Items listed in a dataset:
BEGIN
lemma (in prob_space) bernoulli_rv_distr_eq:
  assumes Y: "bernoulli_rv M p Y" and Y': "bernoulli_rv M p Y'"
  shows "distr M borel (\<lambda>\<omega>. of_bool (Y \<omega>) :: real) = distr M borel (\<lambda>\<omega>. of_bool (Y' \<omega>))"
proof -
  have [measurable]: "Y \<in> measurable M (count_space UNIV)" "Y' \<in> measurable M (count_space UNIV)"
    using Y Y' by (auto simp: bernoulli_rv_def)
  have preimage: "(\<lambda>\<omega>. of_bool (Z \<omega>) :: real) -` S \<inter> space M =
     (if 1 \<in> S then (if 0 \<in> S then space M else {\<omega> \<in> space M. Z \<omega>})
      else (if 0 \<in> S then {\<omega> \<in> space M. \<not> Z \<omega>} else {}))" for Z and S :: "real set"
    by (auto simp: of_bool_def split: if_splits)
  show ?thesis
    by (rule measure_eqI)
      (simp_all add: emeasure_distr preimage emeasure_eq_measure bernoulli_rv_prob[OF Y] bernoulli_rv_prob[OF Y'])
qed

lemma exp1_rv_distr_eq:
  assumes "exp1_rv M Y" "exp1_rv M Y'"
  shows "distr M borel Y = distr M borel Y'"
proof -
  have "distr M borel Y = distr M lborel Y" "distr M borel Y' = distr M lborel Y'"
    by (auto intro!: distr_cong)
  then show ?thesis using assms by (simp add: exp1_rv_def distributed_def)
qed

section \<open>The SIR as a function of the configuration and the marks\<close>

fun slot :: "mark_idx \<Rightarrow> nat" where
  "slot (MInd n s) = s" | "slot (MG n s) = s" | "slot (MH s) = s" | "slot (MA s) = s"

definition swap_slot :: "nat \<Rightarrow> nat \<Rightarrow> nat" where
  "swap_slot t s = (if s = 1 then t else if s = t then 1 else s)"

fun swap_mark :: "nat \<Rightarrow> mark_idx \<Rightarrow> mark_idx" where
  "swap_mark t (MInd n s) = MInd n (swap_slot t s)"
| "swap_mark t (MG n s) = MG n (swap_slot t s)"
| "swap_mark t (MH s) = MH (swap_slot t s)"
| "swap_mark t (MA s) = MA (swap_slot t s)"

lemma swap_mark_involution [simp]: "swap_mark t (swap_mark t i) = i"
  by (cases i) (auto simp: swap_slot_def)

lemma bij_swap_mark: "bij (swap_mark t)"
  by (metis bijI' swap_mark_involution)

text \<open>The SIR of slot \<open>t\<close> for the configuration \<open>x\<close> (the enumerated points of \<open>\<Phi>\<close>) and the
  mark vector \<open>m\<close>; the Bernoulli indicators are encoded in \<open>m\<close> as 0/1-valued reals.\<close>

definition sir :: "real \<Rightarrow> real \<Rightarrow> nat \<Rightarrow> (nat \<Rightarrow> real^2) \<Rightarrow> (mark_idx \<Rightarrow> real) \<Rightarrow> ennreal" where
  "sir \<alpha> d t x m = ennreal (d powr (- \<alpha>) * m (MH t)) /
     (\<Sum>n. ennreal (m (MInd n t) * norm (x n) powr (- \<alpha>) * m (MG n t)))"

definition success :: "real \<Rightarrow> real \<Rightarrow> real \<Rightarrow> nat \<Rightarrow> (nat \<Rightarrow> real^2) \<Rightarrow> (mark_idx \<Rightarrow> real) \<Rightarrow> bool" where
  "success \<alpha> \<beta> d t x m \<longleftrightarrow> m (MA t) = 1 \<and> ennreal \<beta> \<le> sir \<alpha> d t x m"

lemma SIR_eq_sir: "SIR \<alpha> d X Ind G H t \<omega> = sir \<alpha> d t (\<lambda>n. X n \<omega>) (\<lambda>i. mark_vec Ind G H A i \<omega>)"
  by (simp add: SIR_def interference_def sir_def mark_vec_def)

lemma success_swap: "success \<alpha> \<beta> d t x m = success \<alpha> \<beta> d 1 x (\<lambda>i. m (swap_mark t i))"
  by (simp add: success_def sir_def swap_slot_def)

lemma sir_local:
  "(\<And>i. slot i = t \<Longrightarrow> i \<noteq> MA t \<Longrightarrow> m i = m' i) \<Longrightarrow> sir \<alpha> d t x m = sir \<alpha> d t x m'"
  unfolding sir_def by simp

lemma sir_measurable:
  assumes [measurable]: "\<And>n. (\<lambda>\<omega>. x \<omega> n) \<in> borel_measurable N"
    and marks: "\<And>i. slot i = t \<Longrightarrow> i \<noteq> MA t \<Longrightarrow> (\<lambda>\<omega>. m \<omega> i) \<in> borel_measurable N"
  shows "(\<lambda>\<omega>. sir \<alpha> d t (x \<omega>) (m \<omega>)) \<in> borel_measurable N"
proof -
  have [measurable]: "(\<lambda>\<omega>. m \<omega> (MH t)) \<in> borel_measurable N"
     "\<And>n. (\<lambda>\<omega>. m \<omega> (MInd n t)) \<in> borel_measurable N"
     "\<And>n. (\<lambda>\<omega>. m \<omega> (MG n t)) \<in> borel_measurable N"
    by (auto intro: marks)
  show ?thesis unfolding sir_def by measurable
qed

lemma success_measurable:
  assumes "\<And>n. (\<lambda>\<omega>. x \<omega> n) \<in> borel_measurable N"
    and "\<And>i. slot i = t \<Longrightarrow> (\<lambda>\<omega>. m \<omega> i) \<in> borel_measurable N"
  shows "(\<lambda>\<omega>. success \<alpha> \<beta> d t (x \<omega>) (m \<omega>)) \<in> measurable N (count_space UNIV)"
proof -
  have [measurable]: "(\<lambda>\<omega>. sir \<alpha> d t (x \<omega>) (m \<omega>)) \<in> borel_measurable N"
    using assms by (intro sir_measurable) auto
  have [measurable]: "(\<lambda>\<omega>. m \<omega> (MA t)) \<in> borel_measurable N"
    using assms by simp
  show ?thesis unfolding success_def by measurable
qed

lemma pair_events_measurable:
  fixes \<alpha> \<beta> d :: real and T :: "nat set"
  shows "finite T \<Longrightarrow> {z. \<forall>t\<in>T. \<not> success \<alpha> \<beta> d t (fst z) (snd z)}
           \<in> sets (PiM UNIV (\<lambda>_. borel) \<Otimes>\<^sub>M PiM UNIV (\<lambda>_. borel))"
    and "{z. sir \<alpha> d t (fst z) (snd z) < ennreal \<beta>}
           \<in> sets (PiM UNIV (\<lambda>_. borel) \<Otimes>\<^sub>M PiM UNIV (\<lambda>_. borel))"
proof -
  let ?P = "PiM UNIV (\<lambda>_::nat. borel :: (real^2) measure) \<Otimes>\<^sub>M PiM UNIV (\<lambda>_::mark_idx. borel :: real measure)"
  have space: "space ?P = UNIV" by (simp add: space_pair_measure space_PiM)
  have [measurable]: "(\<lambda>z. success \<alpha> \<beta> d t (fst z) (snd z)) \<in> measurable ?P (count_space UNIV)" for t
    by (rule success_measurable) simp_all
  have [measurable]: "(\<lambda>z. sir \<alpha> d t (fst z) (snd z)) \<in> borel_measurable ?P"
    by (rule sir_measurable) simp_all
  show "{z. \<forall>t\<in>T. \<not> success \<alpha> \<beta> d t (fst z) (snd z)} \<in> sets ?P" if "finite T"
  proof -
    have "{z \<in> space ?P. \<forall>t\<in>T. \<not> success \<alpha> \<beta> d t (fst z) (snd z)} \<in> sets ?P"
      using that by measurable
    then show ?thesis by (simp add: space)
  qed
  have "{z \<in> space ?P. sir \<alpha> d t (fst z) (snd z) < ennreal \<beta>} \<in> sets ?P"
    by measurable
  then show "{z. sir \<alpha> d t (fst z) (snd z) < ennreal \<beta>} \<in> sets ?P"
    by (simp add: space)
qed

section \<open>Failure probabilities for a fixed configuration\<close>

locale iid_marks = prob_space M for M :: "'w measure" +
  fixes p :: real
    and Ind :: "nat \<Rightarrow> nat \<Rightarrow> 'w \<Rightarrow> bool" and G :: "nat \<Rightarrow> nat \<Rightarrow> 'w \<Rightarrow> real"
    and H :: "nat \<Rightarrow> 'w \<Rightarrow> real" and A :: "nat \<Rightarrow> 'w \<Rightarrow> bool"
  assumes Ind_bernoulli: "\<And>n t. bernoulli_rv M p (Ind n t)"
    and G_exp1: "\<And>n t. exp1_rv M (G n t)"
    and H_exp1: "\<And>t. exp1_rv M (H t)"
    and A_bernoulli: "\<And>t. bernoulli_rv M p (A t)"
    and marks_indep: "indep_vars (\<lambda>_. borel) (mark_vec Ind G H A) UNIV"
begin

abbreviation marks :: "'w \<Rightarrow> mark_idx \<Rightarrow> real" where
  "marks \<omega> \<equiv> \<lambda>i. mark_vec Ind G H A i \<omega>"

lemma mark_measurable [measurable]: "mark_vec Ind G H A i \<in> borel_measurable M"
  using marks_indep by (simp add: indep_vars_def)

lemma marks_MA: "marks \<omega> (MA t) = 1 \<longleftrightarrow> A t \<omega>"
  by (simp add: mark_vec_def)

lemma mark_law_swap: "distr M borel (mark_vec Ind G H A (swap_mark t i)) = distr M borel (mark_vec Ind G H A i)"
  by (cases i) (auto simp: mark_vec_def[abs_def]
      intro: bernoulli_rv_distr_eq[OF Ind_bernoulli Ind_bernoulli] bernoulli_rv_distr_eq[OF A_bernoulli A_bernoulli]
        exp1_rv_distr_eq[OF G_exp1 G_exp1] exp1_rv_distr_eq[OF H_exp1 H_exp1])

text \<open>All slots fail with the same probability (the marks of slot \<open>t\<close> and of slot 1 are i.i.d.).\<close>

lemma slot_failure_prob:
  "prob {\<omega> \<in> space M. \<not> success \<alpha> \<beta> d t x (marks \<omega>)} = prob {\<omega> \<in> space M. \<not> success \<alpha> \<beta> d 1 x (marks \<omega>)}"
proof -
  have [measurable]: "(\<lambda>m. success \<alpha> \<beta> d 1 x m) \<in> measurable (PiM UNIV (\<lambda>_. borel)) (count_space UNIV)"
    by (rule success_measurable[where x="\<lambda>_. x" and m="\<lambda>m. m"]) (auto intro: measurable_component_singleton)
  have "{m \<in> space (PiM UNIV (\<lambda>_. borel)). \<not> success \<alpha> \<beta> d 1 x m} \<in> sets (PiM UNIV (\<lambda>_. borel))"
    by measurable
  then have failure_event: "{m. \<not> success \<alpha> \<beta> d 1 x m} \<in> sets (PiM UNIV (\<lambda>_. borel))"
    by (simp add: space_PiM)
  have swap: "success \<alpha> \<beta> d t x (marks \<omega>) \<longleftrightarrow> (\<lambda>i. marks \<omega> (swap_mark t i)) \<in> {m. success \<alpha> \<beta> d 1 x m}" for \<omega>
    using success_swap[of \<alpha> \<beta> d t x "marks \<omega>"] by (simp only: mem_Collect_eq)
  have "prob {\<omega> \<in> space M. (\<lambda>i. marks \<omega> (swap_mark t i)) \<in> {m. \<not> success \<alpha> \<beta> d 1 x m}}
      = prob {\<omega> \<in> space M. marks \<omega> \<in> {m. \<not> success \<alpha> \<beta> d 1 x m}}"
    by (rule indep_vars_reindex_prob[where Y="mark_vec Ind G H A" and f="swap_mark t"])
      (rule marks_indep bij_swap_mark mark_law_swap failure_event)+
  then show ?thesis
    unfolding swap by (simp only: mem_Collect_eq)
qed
END
Exercise aim: Please copy, exactly and with nothing else, the lines above beginning at the line that has "by (auto intro!: distr_cong)" and ending with the line that has "by (simp add: SIR_def".

Expected answer:
    by (auto intro!: distr_cong)
  then show ?thesis using assms by (simp add: exp1_rv_def distributed_def)
qed

section \<open>The SIR as a function of the configuration and the marks\<close>

fun slot :: "mark_idx \<Rightarrow> nat" where
  "slot (MInd n s) = s" | "slot (MG n s) = s" | "slot (MH s) = s" | "slot (MA s) = s"

definition swap_slot :: "nat \<Rightarrow> nat \<Rightarrow> nat" where
  "swap_slot t s = (if s = 1 then t else if s = t then 1 else s)"

fun swap_mark :: "nat \<Rightarrow> mark_idx \<Rightarrow> mark_idx" where
  "swap_mark t (MInd n s) = MInd n (swap_slot t s)"
| "swap_mark t (MG n s) = MG n (swap_slot t s)"
| "swap_mark t (MH s) = MH (swap_slot t s)"
| "swap_mark t (MA s) = MA (swap_slot t s)"

lemma swap_mark_involution [simp]: "swap_mark t (swap_mark t i) = i"
  by (cases i) (auto simp: swap_slot_def)

lemma bij_swap_mark: "bij (swap_mark t)"
  by (metis bijI' swap_mark_involution)

text \<open>The SIR of slot \<open>t\<close> for the configuration \<open>x\<close> (the enumerated points of \<open>\<Phi>\<close>) and the
  mark vector \<open>m\<close>; the Bernoulli indicators are encoded in \<open>m\<close> as 0/1-valued reals.\<close>

definition sir :: "real \<Rightarrow> real \<Rightarrow> nat \<Rightarrow> (nat \<Rightarrow> real^2) \<Rightarrow> (mark_idx \<Rightarrow> real) \<Rightarrow> ennreal" where
  "sir \<alpha> d t x m = ennreal (d powr (- \<alpha>) * m (MH t)) /
     (\<Sum>n. ennreal (m (MInd n t) * norm (x n) powr (- \<alpha>) * m (MG n t)))"

definition success :: "real \<Rightarrow> real \<Rightarrow> real \<Rightarrow> nat \<Rightarrow> (nat \<Rightarrow> real^2) \<Rightarrow> (mark_idx \<Rightarrow> real) \<Rightarrow> bool" where
  "success \<alpha> \<beta> d t x m \<longleftrightarrow> m (MA t) = 1 \<and> ennreal \<beta> \<le> sir \<alpha> d t x m"

lemma SIR_eq_sir: "SIR \<alpha> d X Ind G H t \<omega> = sir \<alpha> d t (\<lambda>n. X n \<omega>) (\<lambda>i. mark_vec Ind G H A i \<omega>)"
  by (simp add: SIR_def interference_def sir_def mark_vec_def)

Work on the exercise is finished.